Shevchenko Yury, Bröder Arndt
School of Social Sciences, University of Mannheim, Germany.
Heliyon. 2019 Apr 17;5(4):e01438. doi: 10.1016/j.heliyon.2019.e01438. eCollection 2019 Apr.
The reliability of online mood manipulations is potentially undermined by participants' noncompliance behavior, e.g., skipping a part of the experiment or switching between web pages during the mood manipulation. The goal of the current research is to investigate (1) whether and how mood manipulations are threatened by noncompliance behavior, (2) whether it is confounded with the induced mood state as predicted by Affect Regulation Theory, and (3) what measures can be taken to control for the noncompliance.
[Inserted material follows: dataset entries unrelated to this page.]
lemma hausdorff_measure_eq_0I:
  assumes "\<And>\<delta> \<epsilon>. 0 < \<delta> \<Longrightarrow> 0 < \<epsilon> \<Longrightarrow> \<exists>U. (\<forall>i. U i \<subseteq> torus \<and> tdiam (U i) \<le> \<delta>) \<and> E \<subseteq> (\<Union>i. U i)
      \<and> (\<Sum>i. ennreal (h (tdiam (U i)))) \<le> ennreal \<epsilon>"
  shows "hausdorff_measure h E = 0"
proof -
  define H where "H \<delta> = (INF U \<in> {U. (\<forall>i. U i \<subseteq> torus \<and> tdiam (U i) \<le> \<delta>) \<and> E \<subseteq> (\<Union>i. U i)}.
    \<Sum>i. ennreal (h (tdiam (U i))))" for \<delta>
  have H_le: "H \<delta> \<le> ennreal \<epsilon>" if "0 < \<delta>" "0 < \<epsilon>" for \<delta> \<epsilon>
  proof -
    from assms[OF that] obtain U where U: "(\<forall>i. U i \<subseteq> torus \<and> tdiam (U i) \<le> \<delta>) \<and> E \<subseteq> (\<Union>i. U i)
      \<and> (\<Sum>i. ennreal (h (tdiam (U i)))) \<le> ennreal \<epsilon>" ..
    show ?thesis
      unfolding H_def by (rule INF_lower2[of U]) (use U in simp_all)
  qed
  have "H \<delta> = 0" if "0 < \<delta>" for \<delta>
  proof -
    have "H \<delta> \<le> 0"
      by (rule ennreal_le_epsilon) (use H_le[OF that] in simp)
    then show ?thesis
      by simp
  qed
  moreover have "hausdorff_measure h E = (SUP \<delta>\<in>{0<..}. H \<delta>)"
    by (simp add: hausdorff_measure_def H_def)
  ultimately show ?thesis
    by simp
qed

text \<open>Hausdorff--Cantelli lemma: the tails of the sequence of balls are \<open>\<delta>\<close>-covers
  of the limsup set with arbitrarily small \<open>h\<close>-sum.\<close>

lemma hausdorff_measure_limsup_set_eq_0:
  fixes x r :: "nat \<Rightarrow> real"
  assumes h: "gauge h" and r: "\<And>n. 0 \<le> r n" "r \<longlonglongrightarrow> 0"
    and summable: "summable (\<lambda>n. h (2 * r n))"
  shows "hausdorff_measure h (limsup_set x r) = 0"
proof (rule hausdorff_measure_eq_0I)
  fix \<delta> \<epsilon> :: real assume "0 < \<delta>" "0 < \<epsilon>"
  obtain N1 where N1: "\<And>n. N1 \<le> n \<Longrightarrow> r n < \<delta> / 2"
    using order_tendstoD(2)[OF r(2), of "\<delta> / 2"] \<open>0 < \<delta>\<close> by (auto simp: eventually_sequentially)
  obtain N2 where N2: "\<And>n. N2 \<le> n \<Longrightarrow> norm (\<Sum>i. h (2 * r (i + n))) < \<epsilon>"
    using suminf_exist_split[OF \<open>0 < \<epsilon>\<close> summable] by blast
  define N where "N = max N1 N2"
  define U where "U i = {y \<in> torus. tdist y (x (i + N)) < r (i + N)}" for i
  have diam: "tdiam (U i) \<le> 2 * r (i + N)" for i
    using r(1) by (intro tdiam_tball_le[of _ "x (i + N)"]) (auto simp: U_def)
  have "U i \<subseteq> torus \<and> tdiam (U i) \<le> \<delta>" for i
  proof -
    have "N1 \<le> i + N"
      by (simp add: N_def)
    then show ?thesis
      using diam[of i] N1[of "i + N"] by (auto simp: U_def)
  qed
  moreover have "limsup_set x r \<subseteq> (\<Union>i. U i)"
  proof
    fix \<xi> assume "\<xi> \<in> limsup_set x r"
    then obtain n where "N \<le> n" "tdist \<xi> (x n) < r n" "\<xi> \<in> torus"
      by (auto simp: limsup_set_def infinite_nat_iff_unbounded_le)
    then have "\<xi> \<in> U (n - N)"
      by (simp add: U_def)
    then show "\<xi> \<in> (\<Union>i. U i)" by blast
  qed
  moreover have "(\<Sum>i. ennreal (h (tdiam (U i)))) \<le> ennreal \<epsilon>"
  proof -
    have "(\<Sum>i. ennreal (h (tdiam (U i)))) \<le> (\<Sum>i. ennreal (h (2 * r (i + N))))"
      using diam by (intro suminf_le ennreal_leI gauge_mono[OF h] tdiam_nonneg) auto
    also have "\<dots> = ennreal (\<Sum>i. h (2 * r (i + N)))"
      using summable gauge_nonneg[OF h] r(1)
      by (intro suminf_ennreal2) (auto intro: summable_ignore_initial_segment)
    also have "\<dots> \<le> ennreal \<epsilon>"
      using N2[of N] by (intro ennreal_leI) (auto simp: N_def)
    finally show ?thesis .
  qed
  ultimately show "\<exists>U. (\<forall>i. U i \<subseteq> torus \<and> tdiam (U i) \<le> \<delta>) \<and> limsup_set x r \<subseteq> (\<Union>i. U i)
      \<and> (\<Sum>i. ennreal (h (tdiam (U i)))) \<le> ennreal \<epsilon>"
    by blast
qed

lemma AE_limsup_set_inter_eq_empty:
  assumes M: "prob_space M"
    and X: "\<And>n. distributed M lborel (X n) (indicator torus :: real \<Rightarrow> ennreal)"
    and r: "\<And>n. 0 < r n \<and> r n \<le> 1"
    and G: "G \<subseteq> torus" and g: "gauge g" and P: "packing_premeasure g G < \<infinity>"
    and summable: "summable (\<lambda>n. r n / g (r n))"
  shows "AE \<omega> in M. limsup_set (\<lambda>n. X n \<omega>) r \<inter> G = {}"
proof -
  interpret prob_space M
    by (rule M)
  have r_pos: "0 < r n" and r_nonneg: "0 \<le> r n" for n
    using r[of n] by simp_all
  have "r \<longlonglongrightarrow> 0"
  proof (rule LIMSEQ_zero_of_summable_bound[OF summable, of "\<lambda>t. t / g 1"])
    show "r n / g 1 \<le> r n / g (r n)" for n
      using r[of n] gauge_mono[OF g, of "r n" 1] gauge_pos[OF g, of "r n"] by (intro divide_left_mono) auto
    show "mono_on {0..} (\<lambda>t. t / g 1)"
      using gauge_pos[OF g, of 1] by (intro mono_onI divide_right_mono) auto
  qed (use r_nonneg gauge_pos[OF g, of 1] in auto)
  then obtain C where C: "0 \<le> C"
    and hit: "\<forall>\<^sub>F n in sequentially. prob (X n -` tnbhd G (r n) \<inter> space M) \<le> C * r n / g (r n)"
    by (rule prob_hit_tnbhd_bound[OF M X G g P r_pos])
  define B where "B n = X n -` tnbhd G (r n) \<inter> space M" for n
  have B: "B n \<in> events" for n
    unfolding B_def by (rule measurable_sets[OF distributed_measurable[OF X]]) (simp add: open_tnbhd)
  have "summable (\<lambda>n. prob (B n))"
    by (rule summable_comparison_test_ev[OF _ summable_mult[OF summable, of C]])
      (use hit in \<open>simp add: B_def\<close>)
  then have "AE \<omega> in M. \<forall>\<^sub>F n in sequentially. \<omega> \<in> space M - B n"
    using B by (intro borel_cantelli_AE1) (auto simp: emeasure_eq_measure)
  then show ?thesis
  proof eventually_elim
    case (elim \<omega>)
    then have "\<forall>\<^sub>F n in sequentially. (if X n \<omega> \<in> tnbhd G (r n) then r n else 0) \<le> 0"
      by (rule eventually_mono) (auto simp: B_def)
    then have "limsup_set (\<lambda>n. X n \<omega>) (\<lambda>n. if X n \<omega> \<in> tnbhd G (r n) then r n else 0) = {}"
      by (rule limsup_set_eq_empty)
    then show ?case
      using limsup_set_inter_subset[of "\<lambda>n. X n \<omega>" r G] by blast
  qed
qed

lemma AE_hausdorff_measure_limsup_set_inter_eq_0:
  assumes M: "prob_space M"
    and X: "\<And>n. distributed M lborel (X n) (indicator torus :: real \<Rightarrow> ennreal)"
    and r: "\<And>n. 0 < r n \<and> r n \<le> 1"
    and G: "G \<subseteq> torus" and g: "gauge g" and P: "packing_premeasure g G < \<infinity>"
    and h: "gauge h" "doubling h" and summable: "summable (\<lambda>n. h (r n) * r n / g (r n))"
  shows "AE \<omega> in M. hausdorff_measure h (limsup_set (\<lambda>n. X n \<omega>) r \<inter> G) = 0"
proof -
  interpret prob_space M
    by (rule M)
  have r_pos: "0 < r n" and r_nonneg: "0 \<le> r n" for n
    using r[of n] by simp_all
  have "r \<longlonglongrightarrow> 0"
  proof (rule LIMSEQ_zero_of_summable_bound[OF summable, of "\<lambda>t. h t * t / g 1"])
    show "h (r n) * r n / g 1 \<le> h (r n) * r n / g (r n)" for n
      using r[of n] gauge_mono[OF g, of "r n" 1] gauge_pos[OF g, of "r n"] gauge_nonneg[OF h(1), of "r n"]
      by (intro divide_left_mono) auto
    show "mono_on {0..} (\<lambda>t. h t * t / g 1)"
      using gauge_pos[OF g, of 1] gauge_mono[OF h(1)] gauge_nonneg[OF h(1)]
      by (intro mono_onI divide_right_mono mult_mono) auto
  qed (use r_nonneg gauge_pos[OF g, of 1] gauge_pos[OF h(1)] in auto)
  then obtain C where C: "0 \<le> C"
    and hit: "\<forall>\<^sub>F n in sequentially. prob (X n -` tnbhd G (r n) \<inter> space M) \<le> C * r n / g (r n)"
    by (rule prob_hit_tnbhd_bound[OF M X G g P r_pos])
  obtain D where D: "0 < D" "\<And>t. 0 < t \<Longrightarrow> h (2 * t) \<le> D * h t"
    using h(2) by (auto simp: doubling_def)
  define B where "B n = X n -` tnbhd G (r n) \<inter> space M" for n
  have B: "B n \<in> events" for n
    unfolding B_def by (rule measurable_sets[OF distributed_measurable[OF X]]) (simp add: open_tnbhd)
  have h2r: "0 \<le> h (2 * r n)" for n
    using gauge_nonneg[OF h(1)] r[of n] by simp
  have "summable (\<lambda>n. prob (B n) * h (2 * r n))"
  proof (rule summable_comparison_test_ev[OF _ summable_mult[OF summable, of "C * D"]])
    show "\<forall>\<^sub>F n in sequentially. norm (prob (B n) * h (2 * r n)) \<le> C * D * (h (r n) * r n / g (r n))"
      using hit
    proof eventually_elim
      case (elim n)
      have "prob (B n) * h (2 * r n) \<le> C * r n / g (r n) * (D * h (r n))"
        using elim D(2)[of "r n"] r[of n] C gauge_pos[OF g, of "r n"] h2r[of n]
        by (intro mult_mono) (auto simp: B_def)
      then show ?case
        using h2r[of n] by (simp add: field_simps)
    qed
  qed
  then have "AE \<omega> in M. summable (\<lambda>n. indicator (B n) \<omega> * h (2 * r n))"
    by (rule AE_summable_indicator_mult[OF B h2r])
  with AE_space show ?thesis
  proof eventually_elim
    case (elim \<omega>)
    define \<rho> where "\<rho> n = (if X n \<omega> \<in> tnbhd G (r n) then r n else 0)" for n
    have \<rho>: "\<rho> n = indicator (B n) \<omega> * r n" for n
      using elim by (simp add: \<rho>_def B_def indicator_def)
    have "\<rho> \<longlonglongrightarrow> 0"
      using \<open>r \<longlonglongrightarrow> 0\<close> by (intro tendsto_sandwich[of "\<lambda>_. 0" \<rho> _ r]) (simp_all add: \<rho>_def r_nonneg)
    moreover have "h (2 * \<rho> n) = indicator (B n) \<omega> * h (2 * r n)" for n
      using h(1) by (simp add: \<rho> indicator_def gauge_def)
    ultimately have "hausdorff_measure h (limsup_set (\<lambda>n. X n \<omega>) \<rho>) = 0"
      using elim r_nonneg by (intro hausdorff_measure_limsup_set_eq_0[OF h(1)]) (auto simp: \<rho>_def)
    moreover have "limsup_set (\<lambda>n. X n \<omega>) r \<inter> G \<subseteq> limsup_set (\<lambda>n. X n \<omega>) \<rho>"
      unfolding \<rho>_def by (rule limsup_set_inter_subset)
    ultimately show ?case
      using hausdorff_measure_mono[of _ _ h] by (metis le_zero_eq)
  qed
qed

theorem theorem3p1:
  fixes M :: "'a measure" and X :: "nat \<Rightarrow> 'a \<Rightarrow> real" and r :: "nat \<Rightarrow> real"
    and G :: "real set" and g :: "real \<Rightarrow> real"
  assumes "prob_space M"
    and "\<And>n. distributed M lborel (X n) (indicator torus :: real \<Rightarrow> ennreal)"
    and "\<And>n. 0 < r n \<and> r n \<le> 1"
    and "G \<noteq> {}" and "torus_compact G"
    and "gauge g" and "doubling g"
    and "packing_premeasure g G < \<infinity>"
  shows "(summable (\<lambda>n. r n / g (r n)) \<longrightarrow>
            (AE \<omega> in M. limsup_set (\<lambda>n. X n \<omega>) r \<inter> G = {}))
       \<and> (\<forall>h. gauge h \<and> doubling h \<and> summable (\<lambda>n. h (r n) * r n / g (r n)) \<longrightarrow>
            (AE \<omega> in M. hausdorff_measure h (limsup_set (\<lambda>n. X n \<omega>) r \<inter> G) = 0))"
proof -
  have G: "G \<subseteq> torus"
    using \<open>torus_compact G\<close> by (simp add: torus_compact_def)
  show ?thesis
  proof (intro conjI impI allI)
    show "AE \<omega> in M. limsup_set (\<lambda>n. X n \<omega>) r \<inter> G = {}" if "summable (\<lambda>n. r n / g (r n))"
      using AE_limsup_set_inter_eq_empty[where X = X and r = r, OF assms(1-3) G assms(6,8) that] .
    show "AE \<omega> in M. hausdorff_measure h (limsup_set (\<lambda>n. X n \<omega>) r \<inter> G) = 0"
      if "gauge h \<and> doubling h \<and> summable (\<lambda>n. h (r n) * r n / g (r n))" for h
      using that AE_hausdorff_measure_limsup_set_inter_eq_0[where X = X and r = r, OF assms(1-3) G assms(6,8)]
      by blast
  qed
qed

end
In two online-experiments, noncompliance behavior was assessed during the mood manipulation with movie clips by tracking interruptions of watching and page switches. The results support the affect regulation hypothesis demonstrating that people confronted with negative emotional content interrupted watching the video and switched between pages more often than people with positive content. Methodologically, this causes a threat to the internal validity of internet-based mood manipulation studies. To decrease the risk of noncompliance, the current study recommends to block skipping a part of the mood manipulation, detect page focus events and measure the time people stay on a page.
参与者的不遵守行为可能会削弱在线情绪操纵的可靠性,例如跳过实验的一部分或在情绪操纵过程中在网页之间切换。当前研究的目的是调查:(1)情绪操纵是否以及如何受到不遵守行为的威胁;(2)它是否如情感调节理论所预测的那样与诱发的情绪状态混淆;(3)可以采取哪些措施来控制不遵守行为。在两项在线实验中,通过跟踪观看中断和页面切换,在使用电影片段进行情绪操纵期间评估不遵守行为。结果支持了情感调节假设,表明面对负面情绪内容的人比面对正面内容的人更频繁地中断观看视频并在页面之间切换。从方法学上讲,这对基于互联网的情绪操纵研究的内部效度构成了威胁。为了降低不遵守行为的风险,当前研究建议阻止跳过情绪操纵的一部分,检测页面焦点事件并测量人们在页面上停留的时间。